WORK INSTRUCTION »
Lift every line from the entries that includes the word "resp".

[Dataset entries]
= Beginning of Section =
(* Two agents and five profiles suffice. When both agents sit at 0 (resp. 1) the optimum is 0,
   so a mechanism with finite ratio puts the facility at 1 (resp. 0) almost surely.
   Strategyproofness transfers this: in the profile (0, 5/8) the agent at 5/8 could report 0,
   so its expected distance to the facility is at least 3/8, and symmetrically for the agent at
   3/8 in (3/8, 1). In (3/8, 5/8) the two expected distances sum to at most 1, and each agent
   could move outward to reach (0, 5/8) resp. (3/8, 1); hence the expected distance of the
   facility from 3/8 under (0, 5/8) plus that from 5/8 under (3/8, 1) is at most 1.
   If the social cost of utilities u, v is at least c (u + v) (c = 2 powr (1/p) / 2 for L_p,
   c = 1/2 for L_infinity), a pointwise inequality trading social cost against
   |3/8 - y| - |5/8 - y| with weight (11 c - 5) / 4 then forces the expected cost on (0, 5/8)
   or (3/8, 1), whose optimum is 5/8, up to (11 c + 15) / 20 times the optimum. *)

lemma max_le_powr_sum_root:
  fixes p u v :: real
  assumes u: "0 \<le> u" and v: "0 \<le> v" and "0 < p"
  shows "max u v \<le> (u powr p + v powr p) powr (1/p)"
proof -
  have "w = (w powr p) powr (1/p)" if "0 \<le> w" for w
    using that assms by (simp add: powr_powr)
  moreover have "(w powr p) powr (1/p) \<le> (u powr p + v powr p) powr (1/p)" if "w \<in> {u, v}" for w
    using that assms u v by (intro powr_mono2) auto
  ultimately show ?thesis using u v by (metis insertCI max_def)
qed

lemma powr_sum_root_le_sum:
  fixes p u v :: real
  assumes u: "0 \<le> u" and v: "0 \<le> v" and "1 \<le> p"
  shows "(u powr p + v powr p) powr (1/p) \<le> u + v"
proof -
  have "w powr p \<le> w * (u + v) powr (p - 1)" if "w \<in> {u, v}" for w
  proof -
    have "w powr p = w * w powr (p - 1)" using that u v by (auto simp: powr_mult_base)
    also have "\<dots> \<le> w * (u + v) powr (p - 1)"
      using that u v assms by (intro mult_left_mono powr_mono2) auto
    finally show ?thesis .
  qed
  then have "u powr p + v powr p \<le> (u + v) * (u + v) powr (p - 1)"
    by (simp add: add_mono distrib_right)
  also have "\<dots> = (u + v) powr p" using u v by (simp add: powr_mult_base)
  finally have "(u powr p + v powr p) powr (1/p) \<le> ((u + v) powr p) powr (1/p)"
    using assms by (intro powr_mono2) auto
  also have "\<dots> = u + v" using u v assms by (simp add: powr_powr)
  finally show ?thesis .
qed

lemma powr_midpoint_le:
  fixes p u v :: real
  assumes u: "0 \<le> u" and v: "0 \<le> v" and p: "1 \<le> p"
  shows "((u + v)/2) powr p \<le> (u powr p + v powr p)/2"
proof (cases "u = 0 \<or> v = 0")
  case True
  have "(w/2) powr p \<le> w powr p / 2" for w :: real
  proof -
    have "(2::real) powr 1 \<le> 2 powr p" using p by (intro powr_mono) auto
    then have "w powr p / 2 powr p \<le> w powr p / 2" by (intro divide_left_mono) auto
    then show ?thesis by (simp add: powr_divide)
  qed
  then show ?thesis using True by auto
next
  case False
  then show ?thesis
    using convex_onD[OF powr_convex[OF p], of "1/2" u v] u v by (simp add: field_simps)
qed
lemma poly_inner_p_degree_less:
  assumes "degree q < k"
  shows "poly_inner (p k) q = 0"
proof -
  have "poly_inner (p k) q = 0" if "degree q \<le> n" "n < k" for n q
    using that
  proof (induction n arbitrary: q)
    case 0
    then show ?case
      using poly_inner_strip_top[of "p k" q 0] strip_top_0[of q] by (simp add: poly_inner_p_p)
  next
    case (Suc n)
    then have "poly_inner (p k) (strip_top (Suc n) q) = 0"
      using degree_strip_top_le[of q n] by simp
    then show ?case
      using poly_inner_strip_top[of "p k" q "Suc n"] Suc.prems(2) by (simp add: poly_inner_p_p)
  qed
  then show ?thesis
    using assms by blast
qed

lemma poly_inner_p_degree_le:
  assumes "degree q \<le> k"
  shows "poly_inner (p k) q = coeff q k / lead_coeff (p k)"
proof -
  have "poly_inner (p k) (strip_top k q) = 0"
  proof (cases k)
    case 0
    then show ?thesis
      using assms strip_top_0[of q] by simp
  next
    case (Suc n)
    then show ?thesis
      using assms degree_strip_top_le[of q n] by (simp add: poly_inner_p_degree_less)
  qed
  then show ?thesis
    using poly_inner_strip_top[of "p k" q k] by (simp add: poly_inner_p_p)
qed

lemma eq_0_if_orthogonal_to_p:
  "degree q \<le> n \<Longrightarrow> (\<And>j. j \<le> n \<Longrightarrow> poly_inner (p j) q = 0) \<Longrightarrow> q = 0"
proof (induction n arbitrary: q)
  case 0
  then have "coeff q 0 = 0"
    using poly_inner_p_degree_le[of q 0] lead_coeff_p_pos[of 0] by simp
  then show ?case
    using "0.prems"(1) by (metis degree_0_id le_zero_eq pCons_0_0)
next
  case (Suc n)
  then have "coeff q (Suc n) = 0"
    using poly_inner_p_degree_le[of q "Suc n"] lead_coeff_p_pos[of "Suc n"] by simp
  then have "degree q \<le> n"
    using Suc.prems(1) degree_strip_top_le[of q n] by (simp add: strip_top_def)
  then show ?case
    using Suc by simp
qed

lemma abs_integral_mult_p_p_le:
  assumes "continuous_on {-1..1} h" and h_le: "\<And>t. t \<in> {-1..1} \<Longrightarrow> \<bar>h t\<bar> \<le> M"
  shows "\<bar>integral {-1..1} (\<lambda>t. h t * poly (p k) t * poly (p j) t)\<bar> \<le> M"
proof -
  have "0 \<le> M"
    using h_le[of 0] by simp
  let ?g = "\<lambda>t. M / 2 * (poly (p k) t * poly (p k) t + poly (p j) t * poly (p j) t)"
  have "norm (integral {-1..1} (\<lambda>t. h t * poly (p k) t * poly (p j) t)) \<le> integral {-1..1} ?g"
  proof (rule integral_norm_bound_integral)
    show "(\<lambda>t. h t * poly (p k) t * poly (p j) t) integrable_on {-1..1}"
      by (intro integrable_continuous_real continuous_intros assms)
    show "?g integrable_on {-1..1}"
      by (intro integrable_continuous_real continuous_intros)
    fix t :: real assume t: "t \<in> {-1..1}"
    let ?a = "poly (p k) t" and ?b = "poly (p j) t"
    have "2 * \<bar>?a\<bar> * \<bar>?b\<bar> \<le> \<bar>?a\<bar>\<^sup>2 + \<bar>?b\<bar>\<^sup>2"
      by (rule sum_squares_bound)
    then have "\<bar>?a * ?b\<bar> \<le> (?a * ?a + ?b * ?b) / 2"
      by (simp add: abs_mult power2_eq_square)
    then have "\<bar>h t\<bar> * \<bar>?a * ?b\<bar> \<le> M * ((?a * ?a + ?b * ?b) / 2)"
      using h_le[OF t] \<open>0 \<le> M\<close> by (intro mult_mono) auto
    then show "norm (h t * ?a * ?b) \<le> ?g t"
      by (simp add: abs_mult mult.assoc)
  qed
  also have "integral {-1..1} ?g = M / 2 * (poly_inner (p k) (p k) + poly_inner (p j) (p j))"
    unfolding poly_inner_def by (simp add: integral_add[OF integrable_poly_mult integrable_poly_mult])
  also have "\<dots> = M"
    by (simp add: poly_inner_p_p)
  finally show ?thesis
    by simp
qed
= End of Section =
COMPLETED TASK »
(* Two agents and five profiles suffice. When both agents sit at 0 (resp. 1) the optimum is 0,
   so a mechanism with finite ratio puts the facility at 1 (resp. 0) almost surely.
   could move outward to reach (0, 5/8) resp. (3/8, 1); hence the expected distance of the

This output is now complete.